You can check official docs.
Where CopilotKit Fits
Deep Agents push key parts into explicit state (e.g. todos + files + messages), which makes runs easier to inspect. That explicit state is also what makes Copilotkit integration possible.
CopilotKit is a frontend runtime that keeps UI state in sync with agent execution by streaming agent events and state updates in real time (using AG-UI under the hood).
This middleware (CopilotKitMiddleware) is what allows the frontend to stay in lock-step with the agent as it runs. You can read the docs at docs.copilotkit.ai/langgraph/deep-agents.

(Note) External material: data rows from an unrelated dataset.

lemma coprime_if_not_dvd: "\<not> p dvd a \<Longrightarrow> coprime a p"
  using prime_imp_coprime[OF prime] by (simp add: coprime_commute)

lemma Legendre_cube: "Legendre (a ^ 3) p = Legendre a p"
  using Legendre_cases[of a p]
  by (auto simp: power3_eq_cube Legendre_mult[OF prime gt_2])

lemma card_square_roots:
  "int (card {t \<in> {0..p-1}. [t ^ 2 = s] (mod p)}) = 1 + Legendre s p"
proof -
  consider "p dvd s" | x where "\<not> p dvd s" "\<not> p dvd x" "[x ^ 2 = s] (mod p)" | "\<not> p dvd s" "\<not> QuadRes p s"
    using prime by (metis QuadRes_def cong_dvd_iff prime_dvd_power_iff zero_less_numeral)
  then show ?thesis
  proof cases
    case 1
    then have "[t ^ 2 = s] (mod p) \<longleftrightarrow> [t ^ 2 = 0 ^ 2] (mod p)" for t
      by (metis cong_0_iff cong_sym cong_trans power_zero_numeral)
    then show ?thesis
      using 1 card_power_cong_mod_prime[OF prime, of 2 0] by (simp add: Legendre_eq_0_iff)
  next
    case 2
    then have "[t ^ 2 = s] (mod p) \<longleftrightarrow> [t ^ 2 = x ^ 2] (mod p)" for t
      by (meson cong_sym cong_trans)
    moreover have "gcd 2 (p - 1) = 2"
      using prime gt_2 prime_odd_int[of p] by (simp add: gcd_unique_int)
    moreover have "Legendre s p = 1"
      using 2 by (auto simp: Legendre_def QuadRes_def cong_0_iff)
    ultimately show ?thesis
      using 2 card_power_cong_mod_prime[OF prime, of 2 x] by simp
  next
    case 3
    then have "{t \<in> {0..p-1}. [t ^ 2 = s] (mod p)} = {}"
      by (auto simp: QuadRes_def)
    moreover have "Legendre s p = -1"
      using 3 by (auto simp: Legendre_def cong_0_iff)
    ultimately show ?thesis
      by (simp only: card.empty)
  qed
qed

lemma sum_over_squares:
  assumes "\<And>x. F (x mod p) = F x"
  shows "(\<Sum>t\<in>{0..p-1}. F (t ^ 2)) = (\<Sum>s\<in>{0..p-1}. (1 + Legendre s p) * F s)"
proof -
  have "(\<Sum>t\<in>{0..p-1}. F (t ^ 2)) = (\<Sum>t\<in>{0..p-1}. F (t ^ 2 mod p))"
    by (simp add: assms)
  also have "\<dots> = (\<Sum>s\<in>{0..p-1}. \<Sum>t\<in>{t \<in> {0..p-1}. t ^ 2 mod p = s}. F (t ^ 2 mod p))"
    using gt_2 by (intro sum.group[symmetric]) auto
  also have "\<dots> = (\<Sum>s\<in>{0..p-1}. int (card {t \<in> {0..p-1}. [t ^ 2 = s] (mod p)}) * F s)"
    by (intro sum.cong refl) (auto simp: cong_def)
  also have "\<dots> = (\<Sum>s\<in>{0..p-1}. (1 + Legendre s p) * F s)"
    by (simp only: card_square_roots)
  finally show ?thesis .
qed
(* For every integer $j\ge0$, the graph $K_{j+2}\cup K^*_{j+1}$ on $n=2j+3$ vertices satisfies $\lambda_2-\lambda_{n-j}=j+2$, and hence \[s_{1,j}\ge\frac{j+2}{2j+3}.\]
   Context: $K_{j+2}\cup K^*_{j+1}$ denotes the disjoint union of the complete graph $K_{j+2}$ (no loops) and the complete graph $K_{j+1}$ with a loop at each of its $j+1$ vertices. Graphs with loops are identified with their symmetric $(0,1)$ adjacency matrices (diagonal entry $1$ iff loop), eigenvalues listed $\lambda_1\ge\cdots\ge\lambda_n$. For a simple graph $G$ on $n$ vertices, ${\rm spread}_{i,j}(G)=\lambda_{i+1}(G)-\lambda_{n-j}(G)$; ${\rm spread}_{i,j}(n)$ is its maximum over simple graphs on $n$ vertices and $s_{i,j}=\lim_{n\to\infty}{\rm spread}_{i,j}(n)/n$ (known to exist, and known to equal the analogous limit taken over graphs with at most one loop per vertex). *)

theory Defs
  imports Complex_Main "Jordan_Normal_Form.Char_Poly"
begin

text \<open>For a real symmetric matrix all n roots are real.\<close>
definition eigs_desc :: "real mat \<Rightarrow> real list" where
  "eigs_desc A = rev (sorted_list_of_multiset (proots (char_poly A)))"

definition eig :: "real mat \<Rightarrow> nat \<Rightarrow> real" where
  "eig A k = eigs_desc A ! (k - 1)"

definition simple_adj :: "nat \<Rightarrow> real mat \<Rightarrow> bool" where
  "simple_adj n A \<longleftrightarrow> A \<in> carrier_mat n n \<and>
     (\<forall>a<n. \<forall>b<n. (A $$ (a,b) = 0 \<or> A $$ (a,b) = 1) \<and> A $$ (a,b) = A $$ (b,a)) \<and>
     (\<forall>a<n. A $$ (a,a) = 0)"

definition spread_g :: "nat \<Rightarrow> nat \<Rightarrow> real mat \<Rightarrow> real" where
  "spread_g i j A = eig A (i + 1) - eig A (dim_row A - j)"

definition spread_n :: "nat \<Rightarrow> nat \<Rightarrow> nat \<Rightarrow> real" where
  "spread_n i j n = Max {spread_g i j A | A. simple_adj n A}"

definition s_lim :: "nat \<Rightarrow> nat \<Rightarrow> real" where
  "s_lim i j = lim (\<lambda>n. spread_n i j n / real n)"

text \<open>Adjacency matrix of K_{j+2} (vertices 0..j+1, no loops) disjoint union
  K*_{j+1} (vertices j+2..2j+2, complete with a loop at every vertex).\<close>
definition KK_loop :: "nat \<Rightarrow> real mat" where
  "KK_loop j = mat (2*j+3) (2*j+3) (\<lambda>(a,b).
     if (a < j+2 \<and> b < j+2 \<and> a \<noteq> b) \<or> (j+2 \<le> a \<and> j+2 \<le> b) then 1 else 0)"

end

theory Submission
  imports Defs
begin

text \<open>The spectrum of K_(j+2) \<union> K*_(j+1) is j+1 (twice), 0 (j times) and -1 (j+1 times), so
  \<lambda>_2 - \<lambda>_(n-j) = (j+1) - (-1). For the bound, blow every vertex up into m copies and delete
  the loops: the result is the complete (j+2)-partite graph with parts of size m beside
  K_((j+1)m), a simple graph on (2j+3)m vertices with \<lambda>_2 = (j+1)m - 1 and \<lambda>_(n-j) = -m.
  Hence spread_(1,j)((2j+3)m) \<ge> (j+2)m - 1, and dividing by (2j+3)m and letting m \<rightarrow> \<infinity> gives
  the bound. All characteristic polynomials come from one reduction: when every difference
  e_b - e_(b mod k) (b \<ge> k) is an eigenvector, the characteristic polynomial factors into that of
  the quotient matrix over the residue classes modulo k and the corresponding linear factors.\<close>

text \<open>Column \<open>b \<ge> k\<close> of \<open>fold_mat n k\<close> is \<open>e_(b mod k)\<close>, all other columns vanish; so
  \<open>1 - fold_mat n k\<close> is the change of basis \<open>e_b \<mapsto> e_b - e_(b mod k)\<close> (\<open>b \<ge> k\<close>).\<close>
definition fold_mat :: "nat \<Rightarrow> nat \<Rightarrow> real mat" where
  "fold_mat n k = mat n n (\<lambda>(a,b). if k \<le> b \<and> a = b mod k then 1 else 0)"

lemma fold_mat_dims [simp]: "dim_row (fold_mat n k) = n" "dim_col (fold_mat n k) = n"
  by (simp_all add: fold_mat_def)

lemma fold_mat_carrier [simp]: "fold_mat n k \<in> carrier_mat n n"
  by (simp add: carrier_matI)

lemma fold_mat_square: assumes "0 < k" shows "fold_mat n k * fold_mat n k = 0\<^sub>m n n"
proof (rule eq_matI)
  fix a b assume "a < dim_row (0\<^sub>m n n)" "b < dim_col (0\<^sub>m n n)"
  with assms show "(fold_mat n k * fold_mat n k) $$ (a, b) = 0\<^sub>m n n $$ (a, b)"
    by (auto simp: fold_mat_def scalar_prod_def intro!: sum.neutral)
       (metis mod_less_divisor not_le)
qed (auto simp: fold_mat_def)

lemma fold_mat_inverse:
  assumes "0 < k"
  shows "(1\<^sub>m n - fold_mat n k) * (1\<^sub>m n + fold_mat n k) = 1\<^sub>m n"
    and "(1\<^sub>m n + fold_mat n k) * (1\<^sub>m n - fold_mat n k) = 1\<^sub>m n"
proof -
  let ?N = "fold_mat n k"
  note N = fold_mat_carrier[of n k]
  have "(1\<^sub>m n - ?N) * (1\<^sub>m n + ?N) = 1\<^sub>m n * (1\<^sub>m n + ?N) - ?N * (1\<^sub>m n + ?N)"
    using N by (simp add: minus_mult_distrib_mat[OF one_carrier_mat N add_carrier_mat[OF N]])
  also have "\<dots> = (1\<^sub>m n + ?N) - (?N + ?N * ?N)"
    using N by (simp add: mult_add_distrib_mat[OF N one_carrier_mat N])
  finally show "(1\<^sub>m n - ?N) * (1\<^sub>m n + ?N) = 1\<^sub>m n"
    using fold_mat_square[OF assms] by (auto intro!: eq_matI)
  have "(1\<^sub>m n + ?N) * (1\<^sub>m n - ?N) = 1\<^sub>m n * (1\<^sub>m n - ?N) + ?N * (1\<^sub>m n - ?N)"
    using N by (simp add: add_mult_distrib_mat[OF one_carrier_mat N minus_carrier_mat[OF N]])
  also have "\<dots> = (1\<^sub>m n - ?N) + (?N - ?N * ?N)"
    using N by (simp add: mult_minus_distrib_mat[OF N one_carrier_mat N] minus_carrier_mat)
  finally show "(1\<^sub>m n + ?N) * (1\<^sub>m n - ?N) = 1\<^sub>m n"
    using fold_mat_square[OF assms] by (auto intro!: eq_matI)
qed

agent = create_deep_agent(
model="openai:gpt-4o",
tools=[get_weather],
middleware=[CopilotKitMiddleware()], # for frontend tools and context
system_prompt="You are a helpful research assistant."
)
2. Core Components
Here are the core components that we will be using later on:
1) Planning Tools (built-in via Deep Agents) - built-in planning/to‑do behavior so the agent can break the workflow into steps without you writing a separate planning tool.
# Conceptual example (not required in codebase)
@tool
def todo_write(tasks: List[str]) -> str:
formatted = "\n".join([f"- {task}" for task in tasks])
return f"Todo list created:\n{formatted}"
2) Subagents - let the main agent delegate focused tasks into isolated execution loops. Each sub-agent has its own prompt, tools and context.
subagents = [
{
"name": "job-search-agent",
"description": "Finds relevant jobs and outputs structured job candidates.",
"system_prompt": JOB_SEARCH_PROMPT,
"tools": [internet_search],
}
]
3) Tools - this is how the agent actually does things. Here, finalize() signals completion.
@tool
def finalize() -> dict:
"""Signal that the agent is done."""
return {"status": "done"}
How Deep Agents are implemented (Middleware)
If you are wondering how create_deep_agent() actually injects planning, files and subagents into a normal LangGraph agent, the answer is middleware.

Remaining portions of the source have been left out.